Sizi Başar Başarır’ın okuma alışkanlıkları sorularıma verdiği cevaplarla baş başa bırakıyorum.   

 

Okumayı sevmenize vesile olan ilk kitap veya yazar kimdi? Bu kitap ya da yazarın üzerinizde nasıl bir etkisi oldu?

Korkarım okumaya Kemalettin Tuğcu ile başladım. İlkokul yıllarıydı. Önce hangisinden başladım çok emin değilim. Üç Arkadaş, Köye Gelen Yabancı ya da Köprü Altı Çocukları olabilir. Pasifik’te bir Türk Genci de. Yetim Malı da... Mühim değil zaten, hepsini, bütün diziyi su gibi içmiş, adeta yalayıp yutmuştum. Etkisi biraz tuhaf oldu. Duygusal bir travmadan söz edemeyiz. Yani okuduklarımın gerçek olmadığının farkındaydım. Kurgunun içinde eriyip gitmek gibi değildi de “bu adam bunları nasıl yazıyor?” sorusunun içinde kaybolmuştum. Sanırım ilk tepkim oturup kendi metnimi yazmaya başlamak oldu.

 

Günlük yaşamınızda okuma alışkanlıklarınız nasıl bir yer tutuyor? Kendinize has bir okuma rutininiz var mı?

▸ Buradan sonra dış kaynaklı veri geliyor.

(* The critical discrete functional equation $(DFE_c)$, i.e. $u(x)=\min_{e\in\mathbf E_x}\big(u(\mathrm t(e))+\sigma_c(-e)\big)$ for all $x\in\mathbf V$, admits a solution $u:\mathbf V\to\mathbb R$.
   Context: Network $\Gamma=\bigcup_{\gamma\in\mathcal E}\gamma([0,1])\subset\mathbb R^N$, $\mathcal E$ finite set of regular simple oriented arcs (possibly closed, $\mathcal E^*$ = closed arcs), closed under inversion $\tilde\gamma(s)=\gamma(1-s)$, interiors pairwise disjoint except $\gamma,\tilde\gamma$; vertices $\mathbf V$ = endpoints; $\Gamma$ connected. Hamiltonians $H_\gamma:[0,1]\times\mathbb R\to\mathbb R$, $H_{\tilde\gamma}(s,p)=H_\gamma(1-s,-p)$, continuous, coercive in $p$, quasiconvex in $p$ with $\mathrm{Int}\{H_\gamma(s,\cdot)\le b\}=\{H_\gamma(s,\cdot)<b\}$. $a_\gamma=\max_s\min_pH_\gamma(s,p)$; $c_\gamma$ = least $a$ such that $H_\gamma(s,u')=a$ has a viscosity subsolution in $(0,1)$, continuous on $[0,1]$, with $u(0)=u(1)$; $a_0=\max\{\max_{\gamma\in\mathcal E\setminus\mathcal E^*}a_\gamma,\max_{\gamma\in\mathcal E^*}c_\gamma\}$; assume $s\mapsto\min_pH_\gamma(s,p)$ is constant whenever $a_\gamma=a_0$. Graph $\mathbf X=(\mathbf V,\mathbf E)$ with bijection $\Psi:\mathbf E\to\mathcal E$, $\mathrm o(e)=\Psi(e)(0)$, $\mathrm t(e)=\Psi(e)(1)$, $-e=\Psi^{-1}(\widetilde{\Psi(e)})$, $\mathbf E_x=\{e:\mathrm o(e)=x\}$; for $a\ge a_0$, $\sigma_a(e)=\int_0^1\max\{p:H_{\Psi(e)}(t,p)=a\}\,dt$. A subsolution of $(DFE_a)$ is $u$ with $u(\mathrm t(e))-u(\mathrm o(e))\le\sigma_a(e)$ for all $e$; the critical value is $c=\min\{a\ge a_0:(DFE_a)$ admits a subsolution$\}$ (this minimum exists). *)

theory Defs
  imports "HOL-Analysis.Analysis"
begin

text \<open>Abstract network: a finite set E of oriented arcs (edges), with origin
  src, terminal point tgt, inversion rv (e \<mapsto> -e), and a Hamiltonian H e on
  each arc, H e :: [0,1] \<times> R \<rightarrow> R.  Closed arcs are those with src e = tgt e.\<close>

definition vertices :: "'e set \<Rightarrow> ('e \<Rightarrow> 'v) \<Rightarrow> ('e \<Rightarrow> 'v) \<Rightarrow> 'v set" where
  "vertices E src tgt = src ` E \<union> tgt ` E"

definition out_edges :: "'e set \<Rightarrow> ('e \<Rightarrow> 'v) \<Rightarrow> 'v \<Rightarrow> 'e set" where
  "out_edges E src x = {e \<in> E. src e = x}"

definition ham_ok :: "(real \<Rightarrow> real \<Rightarrow> real) \<Rightarrow> bool" where
  "ham_ok h \<longleftrightarrow>
     continuous_on ({0..1} \<times> UNIV) (\<lambda>(s,p). h s p)
   \<and> (\<forall>M. \<exists>R. \<forall>s\<in>{0..1}. \<forall>p. \<bar>p\<bar> \<ge> R \<longrightarrow> h s p \<ge> M)
   \<and> (\<forall>s\<in>{0..1}. \<forall>b. convex {p. h s p \<le> b})
   \<and> (\<forall>s\<in>{0..1}. \<forall>b. interior {p. h s p \<le> b} = {p. h s p < b})"

definition network_ok ::
  "'e set \<Rightarrow> ('e \<Rightarrow> 'v) \<Rightarrow> ('e \<Rightarrow> 'v) \<Rightarrow> ('e \<Rightarrow> 'e) \<Rightarrow> ('e \<Rightarrow> real \<Rightarrow> real \<Rightarrow> real) \<Rightarrow> bool" where
  "network_ok E src tgt rv H \<longleftrightarrow>
     finite E \<and> E \<noteq> {}
   \<and> (\<forall>e\<in>E. rv e \<in> E \<and> rv (rv e) = e \<and> rv e \<noteq> e
            \<and> src (rv e) = tgt e \<and> tgt (rv e) = src e)
   \<and> (\<forall>e\<in>E. \<forall>s p. H (rv e) s p = H e (1 - s) (- p))
   \<and> (\<forall>e\<in>E. ham_ok (H e))
   \<and> (\<forall>x\<in>vertices E src tgt. \<forall>y\<in>vertices E src tgt.
        (x, y) \<in> {(src e, tgt e) | e. e \<in> E}\<^sup>*)"

definition a_arc :: "(real \<Rightarrow> real \<Rightarrow> real) \<Rightarrow> real" where
  "a_arc h = (SUP s\<in>{0..1}. INF p. h s p)"

definition visc_subsol :: "(real \<Rightarrow> real \<Rightarrow> real) \<Rightarrow> real \<Rightarrow> (real \<Rightarrow> real) \<Rightarrow> bool" where
  "visc_subsol h a u \<longleftrightarrow>
     (\<forall>s\<in>{0<..<1}. \<forall>\<phi> \<phi>'.
        (\<forall>x\<in>{0<..<1}. (\<phi> has_real_derivative \<phi>' x) (at x))
      \<and> continuous_on {0<..<1} \<phi>'
      \<and> (\<exists>\<delta>>0. \<forall>y\<in>{0<..<1}. \<bar>y - s\<bar> < \<delta> \<longrightarrow> u y - \<phi> y \<le> u s - \<phi> s)
      \<longrightarrow> h s (\<phi>' s) \<le> a)"

definition c_arc :: "(real \<Rightarrow> real \<Rightarrow> real) \<Rightarrow> real" where
  "c_arc h = Inf {a. \<exists>u. continuous_on {0..1} u \<and> u 0 = u 1 \<and> visc_subsol h a u}"

definition a_zero ::
  "'e set \<Rightarrow> ('e \<Rightarrow> 'v) \<Rightarrow> ('e \<Rightarrow> 'v) \<Rightarrow> ('e \<Rightarrow> real \<Rightarrow> real \<Rightarrow> real) \<Rightarrow> real" where
  "a_zero E src tgt H =
     Max ((\<lambda>e. a_arc (H e)) ` {e \<in> E. src e \<noteq> tgt e}
        \<union> (\<lambda>e. c_arc (H e)) ` {e \<in> E. src e = tgt e})"

definition sigma :: "('e \<Rightarrow> real \<Rightarrow> real \<Rightarrow> real) \<Rightarrow> real \<Rightarrow> 'e \<Rightarrow> real" where
  "sigma H a e = integral {0..1} (\<lambda>t. Sup {p. H e t p = a})"

definition DFE_subsol ::
  "'e set \<Rightarrow> ('e \<Rightarrow> 'v) \<Rightarrow> ('e \<Rightarrow> 'v) \<Rightarrow> ('e \<Rightarrow> real \<Rightarrow> real \<Rightarrow> real) \<Rightarrow> real \<Rightarrow> ('v \<Rightarrow> real) \<Rightarrow> bool" where
  "DFE_subsol E src tgt H a u \<longleftrightarrow>
     (\<forall>e\<in>E. u (tgt e) - u (src e) \<le> sigma H a e)"

definition crit_value ::
  "'e set \<Rightarrow> ('e \<Rightarrow> 'v) \<Rightarrow> ('e \<Rightarrow> 'v) \<Rightarrow> ('e \<Rightarrow> real \<Rightarrow> real \<Rightarrow> real) \<Rightarrow> real" where
  "crit_value E src tgt H =
     Inf {a. a \<ge> a_zero E src tgt H \<and> (\<exists>u. DFE_subsol E src tgt H a u)}"

end

theory Submission
  imports Defs
begin

text \<open>Write w_a(e) = \<sigma>_a(-e). A function u is a subsolution of (DFE_a) iff
  u(src e) \<le> w_a(e) + u(tgt e) for all edges, which happens iff every closed walk has nonnegative
  w_a-weight. Since a \<mapsto> \<sigma>_a(e) is continuous from the right, closed walks are still
  nonnegative at the critical value c. If moreover some nonempty closed walk through z has
  w_c-weight zero, the least w_c-weight of walks from x to z solves (DFE_c). Such a walk exists:
  for c > a_0, \<sigma>_a is also continuous from the left, and since only the finitely many short
  closed walks matter, positivity of all of them would survive slightly below c. For c = a_0 look
  at an arc realising a_0. If its Hamiltonian is flat, the level set of the minimum is a single
  point and \<sigma>_c(e) + \<sigma>_c(-e) = 0. Otherwise it is a loop with c_\<gamma> = a_0, and one of its two
  orientations has weight zero: two positive weights would still be positive slightly below a_0,
  and a suitable convex combination of the two level maxima would then be the derivative of a
  periodic subsolution below c_\<gamma>.\<close>

lemma approx_from_above:
  fixes b :: real
  obtains a :: "nat \<Rightarrow> real" where "a \<longlonglongrightarrow> b" "\<And>k. b < a k"
proof (rule that)
  show "(\<lambda>k. b + 1 / (real k + 1)) \<longlonglongrightarrow> b"
    using tendsto_add[OF tendsto_const LIMSEQ_inverse_real_of_nat] by (simp add: divide_inverse add.commute)
qed simp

Rutin denemez. Gel-gitler halinde okurum ben. Kimi zaman günde 700 sayfaya kadar çıkar. Kimi zaman da sıfır çeker.

 

Bir kitabı seçerken sizi en çok etkileyen unsurlar neler? Kapak tasarımı, yazar, tür, yoksa tavsiyeler mi?

Başlık çok önemli. Kapak tam değil, ama itici olmamalı. Yanıltıcı kapaklara çok kılım. Değerli tasarım erbabından hassaten rica ediyorum, içeriğine bakmadan kitaplara kapak yapmasınlar. Türkçe yazan her yazarın en az bir kitabını okumaya gayret ederim. Tavsiye makamında bir tek değerli eşim oturur. O “oku” diyorsa mutlaka okurum.

 

Aynı kitabı birden fazla kez okuduğunuz olur mu? Evetse, sizi tekrar tekrar okumaya iten nelerde nelerdir?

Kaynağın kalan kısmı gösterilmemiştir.